PROBLEM DETAILS
The reply must reproduce each line below exactly.

(INPUT FOR THIS TASK Opens)

lemma (in normal) inflate_irr_chars:
  assumes "\<chi> \<in> irr_chars (G Mod H)"
  shows "inflate G H \<chi> \<in> irr_chars G"
proof -
  obtain n \<rho> where \<chi>: "\<chi> = character_of (G Mod H) n \<rho>" and irr: "is_irr_rep (G Mod H) n \<rho>"
    using assms by (auto simp: irr_chars_def)
  have "inflate G H \<chi> = character_of G n (\<lambda>g. \<rho> (H #> g))"
    by (simp add: \<chi> character_of_inflate)
  with is_irr_rep_inflate[OF irr] show ?thesis
    unfolding irr_chars_def by blast
qed

lemma (in normal) inj_on_inflate_irr_chars: "inj_on (inflate G H) (irr_chars (G Mod H))"
proof (rule inj_onI, rule ext)
  fix \<chi> \<psi> C
  assume \<chi>: "\<chi> \<in> irr_chars (G Mod H)" and \<psi>: "\<psi> \<in> irr_chars (G Mod H)"
    and eq: "inflate G H \<chi> = inflate G H \<psi>"
  show "\<chi> C = \<psi> C"
  proof (cases "C \<in> carrier (G Mod H)")
    case True
    then obtain g where "g \<in> carrier G" "C = H #> g" by (auto simp: carrier_FactGroup)
    then show ?thesis using fun_cong[OF eq, of g] by (simp add: inflate_def)
  next
    case False
    then show ?thesis using \<chi> \<psi> irr_chars_outside_carrier by metis
  qed
qed

lemma (in normal) class_fun_inflate:
  assumes "class_fun (G Mod H) \<chi>"
  shows "class_fun G (inflate G H \<chi>)"
  unfolding class_fun_def
proof (intro ballI)
  fix x g assume x: "x \<in> carrier G" and g: "g \<in> carrier G"
  have "inv\<^bsub>G Mod H\<^esub> (H #> x) = H #> inv x"
    using x by (simp add: inv_FactGroup carrier_FactGroup rcos_inv)
  then have "H #> (x \<otimes> g \<otimes> inv x)
      = (H #> x) \<otimes>\<^bsub>G Mod H\<^esub> (H #> g) \<otimes>\<^bsub>G Mod H\<^esub> inv\<^bsub>G Mod H\<^esub> (H #> x)"
    using x g by (simp add: rcos_sum)
  then show "inflate G H \<chi> (x \<otimes> g \<otimes> inv x) = inflate G H \<chi> g"
    using assms x g by (simp add: inflate_def class_fun_def carrier_FactGroup)
qed

lemma (in normal) inflate_mult_right:
  assumes "y \<in> carrier G" "k \<in> H"
  shows "inflate G H \<chi> (y \<otimes> k) = inflate G H \<chi> y"
proof -
  interpret Q: group "G Mod H" by (rule factorgroup_is_group)
  have "H #> (y \<otimes> k) = (H #> y) \<otimes>\<^bsub>G Mod H\<^esub> (H #> k)"
    using assms by (simp add: rcos_sum)
  also have "H #> k = \<one>\<^bsub>G Mod H\<^esub>"
    using assms by (simp add: coset_join2 subgroup_axioms)
  finally show ?thesis
    using assms Q.r_one by (simp add: inflate_def carrier_FactGroup)
qed

lemma (in group) rcos_eq_iff:
  assumes "subgroup H G" "x \<in> carrier G" "y \<in> carrier G"
  shows "H #> x = H #> y \<longleftrightarrow> y \<otimes> inv x \<in> H"
proof
  assume "H #> x = H #> y"
  then have "y \<in> H #> x"
    using assms by (simp add: repr_independenceD)
  then show "y \<otimes> inv x \<in> H"
    using assms by (simp add: subgroup.rcos_module_imp[OF _ is_group])
next
  assume "y \<otimes> inv x \<in> H"
  then have "y \<in> H #> x"
    using assms by (simp add: subgroup.rcos_module_rev[OF _ is_group])
  then show "H #> x = H #> y"
    using assms repr_independence by blast
qed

(INPUT FOR THIS TASK Closes)

WRITTEN ANSWER
lemma (in normal) inflate_irr_chars:
  assumes "\<chi> \<in> irr_chars (G Mod H)"
  shows "inflate G H \<chi> \<in> irr_chars G"
proof -
  obtain n \<rho> where \<chi>: "\<chi> = character_of (G Mod H) n \<rho>" and irr: "is_irr_rep (G Mod H) n \<rho>"
    using assms by (auto simp: irr_chars_def)
  have "inflate G H \<chi> = character_of G n (\<lambda>g. \<rho> (H #> g))"
    by (simp add: \<chi> character_of_inflate)
  with is_irr_rep_inflate[OF irr] show ?thesis
    unfolding irr_chars_def by blast
qed

lemma (in normal) inj_on_inflate_irr_chars: "inj_on (inflate G H) (irr_chars (G Mod H))"
proof (rule inj_onI, rule ext)
  fix \<chi> \<psi> C
  assume \<chi>: "\<chi> \<in> irr_chars (G Mod H)" and \<psi>: "\<psi> \<in> irr_chars (G Mod H)"
    and eq: "inflate G H \<chi> = inflate G H \<psi>"
  show "\<chi> C = \<psi> C"
  proof (cases "C \<in> carrier (G Mod H)")
    case True
    then obtain g where "g \<in> carrier G" "C = H #> g" by (auto simp: carrier_FactGroup)
    then show ?thesis using fun_cong[OF eq, of g] by (simp add: inflate_def)
  next
    case False
    then show ?thesis using \<chi> \<psi> irr_chars_outside_carrier by metis
  qed
qed

lemma (in normal) class_fun_inflate:
  assumes "class_fun (G Mod H) \<chi>"
  shows "class_fun G (inflate G H \<chi>)"
  unfolding class_fun_def
proof (intro ballI)
  fix x g assume x: "x \<in> carrier G" and g: "g \<in> carrier G"
  have "inv\<^bsub>G Mod H\<^esub> (H #> x) = H #> inv x"
    using x by (simp add: inv_FactGroup carrier_FactGroup rcos_inv)
  then have "H #> (x \<otimes> g \<otimes> inv x)
      = (H #> x) \<otimes>\<^bsub>G Mod H\<^esub> (H #> g) \<otimes>\<^bsub>G Mod H\<^esub> inv\<^bsub>G Mod H\<^esub> (H #> x)"
    using x g by (simp add: rcos_sum)
  then show "inflate G H \<chi> (x \<otimes> g \<otimes> inv x) = inflate G H \<chi> g"
    using assms x g by (simp add: inflate_def class_fun_def carrier_FactGroup)
qed

lemma (in normal) inflate_mult_right:
  assumes "y \<in> carrier G" "k \<in> H"
  shows "inflate G H \<chi> (y \<otimes> k) = inflate G H \<chi> y"
proof -
  interpret Q: group "G Mod H" by (rule factorgroup_is_group)
  have "H #> (y \<otimes> k) = (H #> y) \<otimes>\<^bsub>G Mod H\<^esub> (H #> k)"
    using assms by (simp add: rcos_sum)
  also have "H #> k = \<one>\<^bsub>G Mod H\<^esub>"
    using assms by (simp add: coset_join2 subgroup_axioms)
  finally show ?thesis
    using assms Q.r_one by (simp add: inflate_def carrier_FactGroup)
qed

lemma (in group) rcos_eq_iff:
  assumes "subgroup H G" "x \<in> carrier G" "y \<in> carrier G"
  shows "H #> x = H #> y \<longleftrightarrow> y \<otimes> inv x \<in> H"
proof
  assume "H #> x = H #> y"
  then have "y \<in> H #> x"
    using assms by (simp add: repr_independenceD)
  then show "y \<otimes> inv x \<in> H"
    using assms by (simp add: subgroup.rcos_module_imp[OF _ is_group])
next
  assume "y \<otimes> inv x \<in> H"
  then have "y \<in> H #> x"
    using assms by (simp add: subgroup.rcos_module_rev[OF _ is_group])
  then show "H #> x = H #> y"
    using assms repr_independence by blast
qed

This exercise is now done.